Sehr seltene Erstausgabe mit den Merkmalen der Variante C. - Als Textvorlage diente Berlioz Goethes "Faust" in der französischen Übersetzung von Gérard de Nerval. Das Werk wurde in zwei Etappen komponiert.  Es geht auf ein Frühwerk Berlioz‘, „Huit scènes de Faust“ von 1828/29, zurück. Als der 25jährige Komponist Goethes Faust in der Übersetzung von Gérard de Nerval las, war er sogleich fasziniert und begann ab September 1828 mit der Umsetzung der Worte in Musik. Die Partitur erschien bereits im April 1829 als Opus 1. Nach einer wenig erfolgreichen Uraufführung fand Berlioz das Werk „unvollendet und sehr schlecht geschrieben“. Erst im Winter 1845/46 nahm er den Stoff auf einer Dirigier-Tournee durch Europa wieder auf und arbeitete alle „Huit scènes de Faust“ musikalisch und textlich umgearbeitet in die „Damnation de Faust“ ein. Das so entstandene Werk passt eigentlich in keine Rubrik, es ist weder Oper, noch Oratorium, noch Kantate oder Chorsymphonie. Die konzertante Uraufführung fand 1846 im Pariser "Salle Favart" der Opéra-comique unter der Leitung von Berlioz statt und war ein Misserfolg. Im Ausland, wie in Moskau, St.Petersburg oder Berlin, war das Stück unter dem Dirigat des Komponisten weitaus erfolgreicher als in Frankreich. Die ersten szenischen Aufführungen fanden erst ab 1893 statt und damit wurde aus der „dramatischen Legende in vier Teilen“ eine Oper. - Die fleurale Titelbordüre zeigt acht Werke von Berlioz und eine gedruckte Widmung an Franz Liszt. Die Lithographie zeigt Fausts Fahrt in die Hölle. - Hopkinson 54 A(c); Holoman Nr. 111.

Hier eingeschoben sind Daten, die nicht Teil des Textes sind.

theorem lemma2:
  fixes X :: "(real^2) set"
  assumes "finite X" and "card X \<ge> 2"
  shows "(\<lambda>k. l_msth X k / l_opt X k) \<longlonglongrightarrow> L_MST X / L_SMT X"
proof -
  have "\<forall>\<^sub>F k in sequentially.
      (real k * l_msth X k) / (real k * l_opt X k) = l_msth X k / l_opt X k"
    using eventually_gt_at_top[of 0] by eventually_elim simp
  moreover have "(\<lambda>k. (real k * l_msth X k) / (real k * l_opt X k)) \<longlonglongrightarrow> L_MST X / L_SMT X"
    using tendsto_divide[OF tendsto_mult_l_msth[OF assms] tendsto_mult_l_opt[OF assms]]
      L_SMT_pos[OF assms] by simp
  ultimately show ?thesis by (rule tendsto_cong[THEN iffD1])
qed

end
text \<open>T': continuous antilinear functionals on T.  For g in T', the pairing
<g,f> is cnj (g f).\<close>

definition antidual ::
  "(complex \<Rightarrow> 'h::ab_group_add \<Rightarrow> 'h) \<Rightarrow> 'h set \<Rightarrow> 'h topology \<Rightarrow> ('h \<Rightarrow> complex) set" where
  "antidual scal T tau =
     {g. (\<forall>s\<in>T. \<forall>t\<in>T. g (s + t) = g s + g t) \<and>
         (\<forall>a. \<forall>t\<in>T. g (scal a t) = cnj a * g t) \<and>
         continuous_map tau (euclidean :: complex topology) g}"

definition pair :: "('h \<Rightarrow> complex) \<Rightarrow> 'h \<Rightarrow> complex" where
  "pair g f = cnj (g f)"

text \<open>A finite-particle vector is represented by a finite multiset of terms (c, [x1,...,xn]),
standing for the sum of the vectors c * (x1 (x)s ... (x)s xn), where
x1 (x)s ... (x)s xn = (1/n!) * sum over sigma of x_sigma(1) (x) ... (x) x_sigma(n).
The term (c, []) stands for c * Omega.\<close>

type_synonym 'h fvec = "(complex \<times> 'h list) multiset"

definition vac :: "'h fvec" where
  "vac = {#(1, [])#}"

definition in_Ffin :: "'h set \<Rightarrow> 'h fvec \<Rightarrow> bool" where
  "in_Ffin T \<Psi> \<longleftrightarrow> (\<forall>t\<in>#\<Psi>. set (snd t) \<subseteq> T)"
theorem proposition6p7:
  fixes G :: "('a, 'b) monoid_scheme" and T :: "'a topology" and K :: "'a set"
  assumes "Polish_group G T"
    and "\<not> locally_compact_space T"
    and "compactin T K"
  shows "right_Haar_null G T K"
proof -
  have G: "topological_group G T"
    using assms(1) by (simp add: Polish_group_def)
  obtain M d where "Metric_space M d" "Metric_space.mcomplete M d"
    and T: "T = Metric_space.mtopology M d"
    using assms(1) unfolding Polish_group_def completely_metrizable_space_def by blast
  then interpret Cantor_scheme M d "in_common_r_coset G K"
    using Cantor_scheme_in_common_r_coset G assms(2,3) by simp
  have "Hausdorff_space T"
    using T Hausdorff_space_mtopology by simp
  then show ?thesis
    using measurable_cantor_point cantor_point_unrelated compactin_r_coset[OF G assms(3)] assms(3) T
    by (intro right_Haar_null_if_separating_map)
      (auto simp: in_common_r_coset_def intro: compactin_in_borel_sets)
qed

end
text \<open>If no class y - W met M_infinity, the fibres of M over the finitely many relevant classes
  would be uniformly bounded below; but y shifted far down the cone is still covered by M + W,
  which puts an element of M below that bound.\<close>
lemma Minf_meets_class_minus_W:
  assumes "sumset M W = UNIV" "finite F" "W \<subseteq> sumset F (Pcone u)"
  shows "\<exists>w\<in>W. \<exists>m\<in>Minf u M. qmap u m = qmap u (y - w)"
proof (rule ccontr)
  assume none: "\<not> ?thesis"
  define A where "A = {f \<in> F. \<exists>w\<in>W. qmap u w = qmap u f}"
  have "eventually (\<lambda>N. \<forall>x\<in>M. qmap u x = qmap u (y - f) \<longrightarrow> \<not> coords_le u x N) at_bot"
    if f: "f \<in> A" for f
  proof -
    obtain w where "w \<in> W" "qmap u w = qmap u f" using f by (auto simp: A_def)
    then have "\<not> (\<forall>N. \<exists>x\<in>M. qmap u x = qmap u (y - f) \<and> coords_le u x N)"
      using none qmap_diff_cong[OF refl, of u w f y] by (auto simp flip: Minf_class_iff)
    then obtain N0 where "\<forall>x\<in>M. qmap u x = qmap u (y - f) \<longrightarrow> \<not> coords_le u x N0" by blast
    then show ?thesis unfolding eventually_at_bot_linorder by (meson coords_le_mono)
  qed
  moreover have "finite A" using assms(2) by (simp add: A_def)
  ultimately have "eventually (\<lambda>N. \<forall>f\<in>A. \<forall>x\<in>M. qmap u x = qmap u (y - f) \<longrightarrow> \<not> coords_le u x N) at_bot"
    by (simp add: eventually_ball_finite)
  then obtain N where N: "\<forall>f\<in>A. \<forall>x\<in>M. qmap u x = qmap u (y - f) \<longrightarrow> \<not> coords_le u x N"
    by (auto simp: eventually_at_bot_linorder)
  have "finite ((\<lambda>(f, i). of_rat (coords u (y - f) $ i) - N) ` (F \<times> UNIV))"
    using assms(2) by simp
  then obtain B where "\<forall>f\<in>F. \<forall>i. of_rat (coords u (y - f) $ i) - N \<le> B"
    using bdd_above_finite unfolding bdd_above_def by fastforce
  then obtain K :: int where K: "\<forall>f\<in>F. \<forall>i. of_rat (coords u (y - f) $ i) - N \<le> of_int K"
    by (meson le_of_int_ceiling order.trans)
  obtain m w where mw: "m \<in> M" "w \<in> W" "y - lincomb u (\<lambda>_. K) = m + w"
    using assms(1) by (force simp: sumset_def)
  then obtain f p where fp: "f \<in> F" "p \<in> Pcone u" "w = f + p"
    using assms(3) by (auto simp: sumset_def)
  have m: "m = (y - f) - (lincomb u (\<lambda>_. K) + p)" using mw(3) fp(3) by (simp add: algebra_simps)
  have "qmap u w = qmap u f" using fp Pcone_subset_Lat by (auto simp: qmap_eq_iff)
  then have "f \<in> A" using fp(1) mw(2) by (auto simp: A_def)
  moreover have "qmap u m = qmap u (y - f)"
    unfolding qmap_eq_iff m
    using Lat_diff[OF Lat_zero Lat_add[OF lincomb_in_Lat Pcone_subset_Lat[THEN subsetD, OF fp(2)]]]
    by (simp add: algebra_simps)
  moreover have "coords_le u m N"
  proof -
    have le: "coords u m $ i \<le> coords u (y - f) $ i - of_int K" for i
      using fp(2) by (simp add: m coords_diff coords_add coords_lincomb Pcone_iff_coords)
    show ?thesis unfolding coords_le_iff
    proof
      fix i
      have "of_rat (coords u m $ i) \<le> (of_rat (coords u (y - f) $ i - of_int K) :: real)"
        using le by (simp only: of_rat_less_eq)
      also have "\<dots> = of_rat (coords u (y - f) $ i) - of_int K" by (simp add: of_rat_diff)
      also have "\<dots> \<le> N" using K fp(1) by (metis diff_le_eq add.commute)
      finally show "of_rat (coords u m $ i) \<le> N" .
    qed
  qed
  ultimately show False using N mw(1) by blast
qed
text \<open>Take u - i v = 1 + \<epsilon> e^{z^2} with z = x + i Y. As the conjugate velocity of a holomorphic
  function, (u, v) is divergence free and irrotational, so it is a steady Euler flow with the
  Bernoulli pressure -(u^2 + v^2)/2. Here v = -\<epsilon> e^{x^2-Y^2} sin(2xY) vanishes on Y = 0,
  |u - 1| \<le> |\<epsilon>| e^{L^2} and |v| \<le> 2|\<epsilon>| L e^{L^2} Y on \<Omega>_L, and every partial derivative of
  u and v has the form Re(q(z) e^{z^2}) with q a polynomial, hence decays like e^{-Y^2} against any
  power of Y. Choosing \<epsilon> small yields all the bounds; v \<noteq> 0 and u depends on x.\<close>

abbreviation cplx :: "real \<Rightarrow> real \<Rightarrow> complex" where
  "cplx x Y \<equiv> complex_of_real x + \<i> * complex_of_real Y"

lemma has_vector_derivative_holomorphic_x:
  assumes "(H has_field_derivative H') (at (cplx x Y))"
  shows "((\<lambda>t. H (cplx t Y)) has_vector_derivative H') (at x)"
proof -
  have "((\<lambda>t. cplx t Y) has_vector_derivative 1) (at x)"
    by (auto intro!: derivative_eq_intros)
  from field_vector_diff_chain_at[OF this assms] show ?thesis
    by (simp add: o_def)
qed

lemma has_vector_derivative_holomorphic_Y:
  assumes "(H has_field_derivative H') (at (cplx x Y))"
  shows "((\<lambda>t. H (cplx x t)) has_vector_derivative \<i> * H') (at Y)"
proof -
  have "((\<lambda>t. cplx x t) has_vector_derivative \<i>) (at Y)"
    by (auto intro!: derivative_eq_intros)
  from field_vector_diff_chain_at[OF this assms] show ?thesis
    by (simp add: o_def)
qed

lemma pdX_eqI: "(\<And>x Y. ((\<lambda>t. f t Y) has_real_derivative g x Y) (at x)) \<Longrightarrow> pdX f = g"
  unfolding pdX_def by (intro ext DERIV_imp_deriv) auto

lemma pdY_eqI: "(\<And>x Y. ((\<lambda>t. f x t) has_real_derivative g x Y) (at Y)) \<Longrightarrow> pdY f = g"
  unfolding pdY_def by (intro ext DERIV_imp_deriv) auto

definition bernoulli_pressure ::
    "(real \<Rightarrow> real \<Rightarrow> real) \<Rightarrow> (real \<Rightarrow> real \<Rightarrow> real) \<Rightarrow> real \<Rightarrow> real \<Rightarrow> real" where
  "bernoulli_pressure u v = (\<lambda>x Y. - ((u x Y)\<^sup>2 + (v x Y)\<^sup>2) / 2)"

lemma bernoulli_momentum:
  assumes ux: "((\<lambda>t. u t Y) has_real_derivative ux) (at x)"
    and uy: "((\<lambda>t. u x t) has_real_derivative uy) (at Y)"
    and vx: "((\<lambda>t. v t Y) has_real_derivative vx) (at x)"
    and vy: "((\<lambda>t. v x t) has_real_derivative vy) (at Y)"
    and irrotational: "uy = vx"
  shows "u x Y * pdX u x Y + v x Y * pdY u x Y + pdX (bernoulli_pressure u v) x Y = 0"
    and "u x Y * pdX v x Y + v x Y * pdY v x Y + pdY (bernoulli_pressure u v) x Y = 0"
proof -
  have "pdX (bernoulli_pressure u v) x Y = - (u x Y * ux + v x Y * vx)"
    unfolding pdX_def bernoulli_pressure_def
    by (rule DERIV_imp_deriv) (auto intro!: derivative_eq_intros ux vx)
  moreover have "pdY (bernoulli_pressure u v) x Y = - (u x Y * uy + v x Y * vy)"
    unfolding pdY_def bernoulli_pressure_def
    by (rule DERIV_imp_deriv) (auto intro!: derivative_eq_intros uy vy)
  moreover have "pdX u x Y = ux" "pdY u x Y = uy" "pdX v x Y = vx" "pdY v x Y = vy"
    unfolding pdX_def pdY_def using ux uy vx vy by (auto intro: DERIV_imp_deriv)
  ultimately show "u x Y * pdX u x Y + v x Y * pdY u x Y + pdX (bernoulli_pressure u v) x Y = 0"
    and "u x Y * pdX v x Y + v x Y * pdY v x Y + pdY (bernoulli_pressure u v) x Y = 0"
    using irrotational by (simp_all add: algebra_simps)
qed

definition gauss_pderiv :: "complex poly \<Rightarrow> complex poly" where
  "gauss_pderiv q = pderiv q + [:0, 2:] * q"

definition re_gauss :: "complex poly \<Rightarrow> real \<Rightarrow> real \<Rightarrow> real" where
  "re_gauss q x Y = Re (poly q (cplx x Y) * exp ((cplx x Y)\<^sup>2))"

Albumblatt mit Unterschrift von Hector Berlioz  

BERLIOZ, Hector [1803-1869]: Eigenhändiges musikalisches Albumblatt aus der "Symphonie fantastique" mit Unterschrift. Ohne Ort und, ohne Datum [nach 1830]. Quer-Oktav. 1 Seite. Unter Passepartout. Etwas gebräunt.

€ 8.000,–

Großes, dekoratives Albumblatt, vom Komponisten überschrieben "Fragment de la Simphonie Fantastique. Scène du Bal". Die 28 Takte in 6 Zeilen sind mit "Valse" bezeichnet und stammen aus dem zweiten Akt der Symphonie. Das Werk gilt als eines der bedeutendsten Stück der romantischen Musik und als Schlüsselwerk der sinfonischen Programmmusik. Es ist im Titel bezeichnet mit „Episode aus dem Leben eines Künstlers. Phantastische Symphonie in fünf Sätzen“. Im Programmtext, den Berlioz zum besseren Verständnis der Sinfonie an das Publikum verteilen ließ, findet sich folgende Beschreibung der glanzvollen, hinreißenden Musik der Ballszene: „Der Künstler ist in die verschiedensten Lebensumstände versetzt: mitten in den ‚Tumult eines Festes‘, in friedvolle Betrachtung der Schönheiten der Natur; aber überall, in der Stadt wie auf dem Lande, erscheint ihm das geliebte Bild und versetzt seine Seele in Unruhe.“ Die Uraufführung fand im Dezember 1830 im Pariser Konservatorium statt und war ein „rasender Erfolg“ (Berlioz an seinen Freund Humbert Ferrand) Der neunzehnjährige Franz Liszt wohnte der Aufführung bei und war so begeistert von dem Werk, dass er sich sogleich entschloss, eine Klavierfassung davon anzufertigen, die er 1834 auf eigene Kosten drucken ließ. Die Partitur erschien erst nach Berlioz' Deutschlandtournee 1842.